Overall, these data imply that GDF‐15 might serve as a SASP factor, which promotes migratory and mitotic properties in hAC, but does not accelerate chondrosenescence.
Exogenous GDF‐15 Mitigates Trauma‐Induced Pathomechanisms in Human Cartilage and Might Promote a Pro‐Regenerative Phenotype
2.6
To investigate the potential modulative effect of GDF‐15 on hAC after cartilage injury, the cytokine was added for 7 days and 14 days after ex vivo trauma. While the mechanical impact reduced the cell viability as expected, addition of rhGDF‐15 significantly prevented chondrocyte death at both time points (Figure 6A, B). Moreover, rhGDF‐15 significantly reduced trauma‐induced NO production after 7 days, whereas this effect could not be observed at the later time point (Figure 6C, D). Although trauma‐induced release of GAG was only increased by trend, treatment with rhGDF‐15 significantly attenuated the amount of the matrix components in culture media of impacted cartilage explants (Figure 6E, F). Exemplary Safranin‐O staining of human cartilage explants confirmed higher proteoglycan content in rhGDF‐15‐treated explants after ex vivo trauma and indicated enhanced cell cluster formation, regardless of a preceding impact (Figure 6G).
Effects of exogenous rhGDF‐15 after ex vivo cartilage trauma. Cell viability of hAC at (A) 7 days and (B) 14 days after ex vivo cartilage trauma and/or rhGDF‐15 stimulation, determined by a live/dead assay. Normalized release of NO at (C) 7 days and (D) 14 days after ex vivo cartilage trauma and/or rhGDF‐15 stimulation, determined by a Griess assay. Normalized GAG release at (E) 7 days and (F) 14 days after ex vivo cartilage trauma and/or rhGDF‐15 stimulation, determined by a DMMB assay. (G) Representative Saf‐O staining of human cartilage explants 7 days after ex vivo trauma and/or rhGDF‐15 stimulation. Percentage of Ki67‐positive cells at (H) 7 days and (I) 14 days after ex vivo cartilage trauma and/or rhGDF‐15 stimulation. (J) Representative images of IHC staining against Ki‐67 7 days after rhGDF‐15 stimulation or ex vivo cartilage trauma. (K) Percentage of p21‐positive cells at day 14 after ex vivo cartilage trauma and/or rhGDF‐15 stimulation. The black bars in (G) represent 100 µm and in (J) represent 200 µm. p.t. = post trauma.
To clarify potential pro‐mitotic activity of chondrocytes upon rhGDF‐15 stimulation, a Ki67 staining was performed. In line with the cluster formation described above, the percentage of Ki67‐positive chondrocytes was significantly increased upon addition of rhGDF‐15 in impacted and non‐impacted cartilage explants. Interestingly, the pro‐mitotic stimulus of exogenous rhGDF‐15 was stronger than that of the cartilage trauma at day 7, whereas no difference could be found between traumatized explants with or without rhGDF‐15 treatment after 14 days (Figure 6H–J). While we observed a significant increase of p21‐positive chondrocytes at day 14 post trauma, long‐term exposure to rhGDF‐15 did not induce the expression of the cell cycle inhibitor in hAC (Figure 6K).

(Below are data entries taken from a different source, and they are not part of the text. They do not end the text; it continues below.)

text \<open>At most \<open>n\<close> choice cells, as imposed by \<open>APC\<^sub>n\<close>; no bound for \<open>n = 0\<close>.\<close>

definition bounded_choices :: "nat \<Rightarrow> 'w set \<Rightarrow> ('w \<Rightarrow> 'w \<Rightarrow> bool) \<Rightarrow> bool" where
  "bounded_choices n W E \<longleftrightarrow>
     0 < n \<longrightarrow> (\<forall>f. (\<forall>i\<le>n. f i \<in> W) \<longrightarrow> (\<exists>k j. k < j \<and> j \<le> n \<and> E (f k) (f j)))"

definition rels_hold :: "('w \<Rightarrow> 'w \<Rightarrow> bool) \<Rightarrow> (label \<Rightarrow> 'w) \<Rightarrow> rels \<Rightarrow> bool" where
  "rels_hold E I R \<longleftrightarrow> (\<forall>p \<in># R. E (I (fst p)) (I (snd p)))"

definition seq_holds :: "'w set \<Rightarrow> ('w \<Rightarrow> 'w \<Rightarrow> bool) \<Rightarrow> (nat \<Rightarrow> 'w \<Rightarrow> bool) \<Rightarrow> (label \<Rightarrow> 'w) \<Rightarrow> lfms \<Rightarrow> bool" where
  "seq_holds W E V I G \<longleftrightarrow> (\<exists>q \<in># G. sat W E V (I (fst q)) (snd q))"

definition seq_valid :: "'w set \<Rightarrow> ('w \<Rightarrow> 'w \<Rightarrow> bool) \<Rightarrow> (nat \<Rightarrow> 'w \<Rightarrow> bool) \<Rightarrow> rels \<Rightarrow> lfms \<Rightarrow> bool" where
  "seq_valid W E V R G \<longleftrightarrow> (\<forall>I. range I \<subseteq> W \<longrightarrow> rels_hold E I R \<longrightarrow> seq_holds W E V I G)"
(* Consider a parameter-dependent flow on the strip $[x_-,x_+]\times\mathbb R$ satisfying all the standing assumptions in the context, including the monotonicity assumption (M). Fix a solution $x(\tau)$ of $\dot x=f(x)$ with values in $(x_-,x_+)$, and for $\mu\in I$ write the distinguished orbits as $\widetilde{\mathcal W}^\pm_\mu=\{(x(\tau),y^\pm_\mu(\tau)):\tau\in\mathbb R\}$. Then $y^\pm_\mu$ are monotone in $\mu$: if $\mu_1<\mu_2$ then $y^-_{\mu_1}(\tau)\ge y^-_{\mu_2}(\tau)$ and $y^+_{\mu_1}(\tau)\le y^+_{\mu_2}(\tau)$ for all $\tau\in\mathbb R$.
   Context: Let $x_-<x_+$ and consider on the strip $[x_-,x_+]\times\mathbb R$ (universal cover of the cylinder $[x_-,x_+]\times\mathbb S^1$, $\mathbb S^1=\mathbb R/2\pi\mathbb Z$) the family of systems $\dot x=f(x)$, $\dot y=g_\mu(x,y)$, with parameter $\mu$ in an open interval $I\subset\mathbb R$; $f$ is smooth, $g_\mu(x,y)$ is smooth in $(x,y)$, $C^1$ in $\mu$, and $2\pi$-periodic in $y$. Assume $f(x_\pm)=0$, $f>0$ on $(x_-,x_+)$, $f'(x_-)\ge0$, $f'(x_+)\le0$. For each $\mu$ assume: $g_\mu(x_-,y)=0$ iff $y\equiv s_-$ or $y\equiv n_-$ mod $2\pi$, and $g_\mu(x_+,y)=0$ iff $y\equiv s_+$ or $y\equiv n_+$ mod $2\pi$, where $-\pi\le s_-<n_-\le\pi$, $-\pi\le s_+<n_+\le\pi$ (depending on $\mu$); $\partial_yg_\mu(x_-,n_-)>0$, $\partial_yg_\mu(x_-,s_-)<0$, $\partial_yg_\mu(x_+,n_+)<0$, $\partial_yg_\mu(x_+,s_+)>0$; $s_--n_-\equiv n_+-s_+$ mod $2\pi$; and the flow has no non-wandering points other than these boundary equilibria and their $2\pi$-translates. Monotonicity assumption (M): $\partial_\mu g_\mu(x,y)\le0$ for all $(x,y)$ and $\mu$. Let $\tilde S_-=(x_-,s_-)$ and $\tilde S_+=(x_+,s_+)$. The distinguished orbit $\widetilde{\mathcal W}^-_\mu$ is the unique orbit in the open strip whose $\alpha$-limit is $\tilde S_-$, and $\widetilde{\mathcal W}^+_\mu$ the unique orbit whose $\omega$-limit is $\tilde S_+$. *)

theory Defs
  imports "HOL-Analysis.Analysis"
begin

definition C1_on :: "'a::real_normed_vector set \<Rightarrow> ('a \<Rightarrow> 'b::real_normed_vector) \<Rightarrow> bool" where
  "C1_on S h \<longleftrightarrow> (\<exists>D :: 'a \<Rightarrow> ('a \<Rightarrow>\<^sub>L 'b).
        (\<forall>p\<in>S. (h has_derivative blinfun_apply (D p)) (at p)) \<and> continuous_on S D)"

text \<open>C-infinity (smooth) on an open set: there is a family of iterated derivatives
  D vs p (the derivative of order length vs at p, applied to the directions vs) such that
  each q \<mapsto> D vs q is Frechet differentiable with derivative v \<mapsto> D (v # vs) p.
  (In finite dimensions this is equivalent to the usual notion of C-infinity.)\<close>
definition smooth_on :: "'a::real_normed_vector set \<Rightarrow> ('a \<Rightarrow> 'b::real_normed_vector) \<Rightarrow> bool" where
  "smooth_on S h \<longleftrightarrow> (\<exists>D :: 'a list \<Rightarrow> 'a \<Rightarrow> 'b.
        (\<forall>p\<in>S. D [] p = h p) \<and>
        (\<forall>vs. \<forall>p\<in>S. ((\<lambda>q. D vs q) has_derivative (\<lambda>v. D (v # vs) p)) (at p)))"

definition alpha_limit :: "(real \<Rightarrow> 'a::topological_space) \<Rightarrow> 'a set" where
  "alpha_limit z = {p. \<exists>t::nat \<Rightarrow> real. filterlim t at_bot sequentially \<and> ((\<lambda>n. z (t n)) \<longlonglongrightarrow> p)}"

definition omega_limit :: "(real \<Rightarrow> 'a::topological_space) \<Rightarrow> 'a set" where
  "omega_limit z = {p. \<exists>t::nat \<Rightarrow> real. filterlim t at_top sequentially \<and> ((\<lambda>n. z (t n)) \<longlonglongrightarrow> p)}"

definition nonwandering :: "('a::real_normed_vector \<Rightarrow> 'a) \<Rightarrow> 'a set \<Rightarrow> 'a \<Rightarrow> bool" where
  "nonwandering V S p \<longleftrightarrow> p \<in> S \<and>
     (\<forall>U. open U \<longrightarrow> p \<in> U \<longrightarrow>
        (\<forall>T. \<exists>t\<ge>T. \<exists>z :: real \<Rightarrow> 'a.
            (\<forall>s\<in>{0..t}. z s \<in> S \<and> (z has_vector_derivative V (z s)) (at s within {0..t}))
            \<and> z 0 \<in> U \<and> z t \<in> U))"

end

theory Submission
  imports Defs
begin

text \<open>Since g decreases in the parameter, for mu1 < mu2 the orbit y2 of the mu2-system is a
  subsolution of the mu1-equation. Both orbits emanate, as tau \<rightarrow> -\<infinity>, from the saddles
  s_-(mu) on the boundary circle x = x_-, and comparing the boundary functions g_mu(x_-, .) gives
  s_-(mu2) \<le> s_-(mu1). If y2 exceeded y1 at some time, a Gronwall estimate would keep y2 > y1 at
  all earlier times, forcing s_-(mu1) = s_-(mu2); but near that saddle g_mu1 is strictly decreasing
  in y, so the gap y2 - y1 grows backwards in time and cannot tend to 0. The statement about
  omega-limits follows by reversing time and the parameter.\<close>

lemma alpha_limit_reflect: "alpha_limit z = omega_limit (\<lambda>t. z (- t))"
proof (intro set_eqI iffI)
  fix q assume "q \<in> alpha_limit z"
  then obtain t :: "nat \<Rightarrow> real" where "filterlim t at_bot sequentially" "(\<lambda>n. z (t n)) \<longlonglongrightarrow> q"
    unfolding alpha_limit_def by blast
  then show "q \<in> omega_limit (\<lambda>t. z (- t))"
    unfolding omega_limit_def by (auto intro!: exI[of _ "\<lambda>n. - t n"] simp: filterlim_uminus_at_bot)
next
  fix q assume "q \<in> omega_limit (\<lambda>t. z (- t))"
  then obtain t :: "nat \<Rightarrow> real" where "filterlim t at_top sequentially" "(\<lambda>n. z (- t n)) \<longlonglongrightarrow> q"
    unfolding omega_limit_def by blast
  then show "q \<in> alpha_limit z"
    unfolding alpha_limit_def
    by (auto intro!: exI[of _ "\<lambda>n. - t n"] simp: filterlim_uminus_at_bot[of "\<lambda>n. - t n"])
qed

lemma omega_limit_singleton_imp_tendsto:
  fixes z :: "real \<Rightarrow> 'a::{real_normed_vector, perfect_space, heine_borel}"
  assumes cont: "continuous_on UNIV z" and omega: "omega_limit z = {p}"
  shows "(z \<longlongrightarrow> p) at_top"
proof (rule ccontr)
  assume "\<not> (z \<longlongrightarrow> p) at_top"
  then obtain e where e: "e > 0" "\<not> (\<forall>\<^sub>F t in at_top. dist (z t) p < e)"
    unfolding tendsto_iff by blast
  have far: "\<exists>t\<ge>T. e \<le> dist (z t) p" for T
    using e(2) unfolding eventually_at_top_linorder by (meson not_le)
  obtain s :: "nat \<Rightarrow> real" where s: "filterlim s at_top sequentially" "(\<lambda>n. z (s n)) \<longlonglongrightarrow> p"
    using omega unfolding omega_limit_def by blast
  \<comment> \<open>the curve keeps coming back near p and leaving again, so it crosses the sphere of radius e
      at arbitrarily late times; a limit point of these crossings is a second omega-limit point\<close>
  have "\<exists>r\<ge>real n. dist (z r) p = e" for n
  proof -
    have "\<forall>\<^sub>F m in sequentially. real n \<le> s m"
      using s(1) by (simp add: filterlim_at_top)
    moreover have "\<forall>\<^sub>F m in sequentially. dist (z (s m)) p < e"
      using s(2) e(1) by (simp add: tendsto_iff)
    ultimately obtain m where m: "real n \<le> s m" "dist (z (s m)) p < e"
      using eventually_happens'[OF sequentially_bot eventually_conj] by blast
    obtain t where t: "s m \<le> t" "e \<le> dist (z t) p"
      using far by blast
    have "continuous_on {s m..t} (\<lambda>u. dist (z u) p)"
      by (intro continuous_intros continuous_on_subset[OF cont]) auto
    then obtain r where "s m \<le> r" "r \<le> t" "dist (z r) p = e"
      using IVT'[of "\<lambda>u. dist (z u) p" "s m" e t] m t by auto
    then show ?thesis
      using m by (intro exI[of _ r]) auto
  qed
  then obtain r where r: "\<And>n. real n \<le> r n" "\<And>n. z (r n) \<in> sphere p e"
    by (metis dist_commute mem_sphere)
  obtain q \<sigma> where q: "q \<in> sphere p e" "strict_mono \<sigma>" "((\<lambda>n. z (r n)) \<circ> \<sigma>) \<longlonglongrightarrow> q"
    using compact_sphere[of p e] r(2) unfolding compact_eq_seq_compact_metric seq_compact_def by metis
  have "filterlim (r \<circ> \<sigma>) at_top sequentially"
    using filterlim_compose[OF filterlim_real_sequentially filterlim_subseq[OF q(2)]]
    by (rule filterlim_at_top_mono) (auto simp: r(1))
  then have "q \<in> omega_limit z"
    unfolding omega_limit_def using q(3) by (auto simp: o_def)
  then show False
    using omega q(1) e(1) by simp
qed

Moreover, we examined the immunomodulatory properties of rhGDF‐15 in activated human macrophages (THP‐1 cells). In accordance with the literature, rhGDF‐15 mitigated the gene expression of TNF and IL1B to some extent but had no effect on IL6 (Figure S7A–C). In hAC exposed to 10 ng/mL IL‐1β, addition of rhGDF‐15 restored the transcription of COL2A1 but had no effect on IL‐1 β‐induced COX2 or MMP13 gene expression (Figure S7D–F).
Taken together, our results imply that exogenous rhGDF‐15 has pro‐regenerative and protective effects after cartilage injury without inducing chondrosenescence.
Discussion
3
Traumatic injuries of joint‐related tissues are considered to carry a high risk for development of a PTOA. However, the underlying pathomechanisms, which are driving the pathogenesis, are complex and not well understood yet.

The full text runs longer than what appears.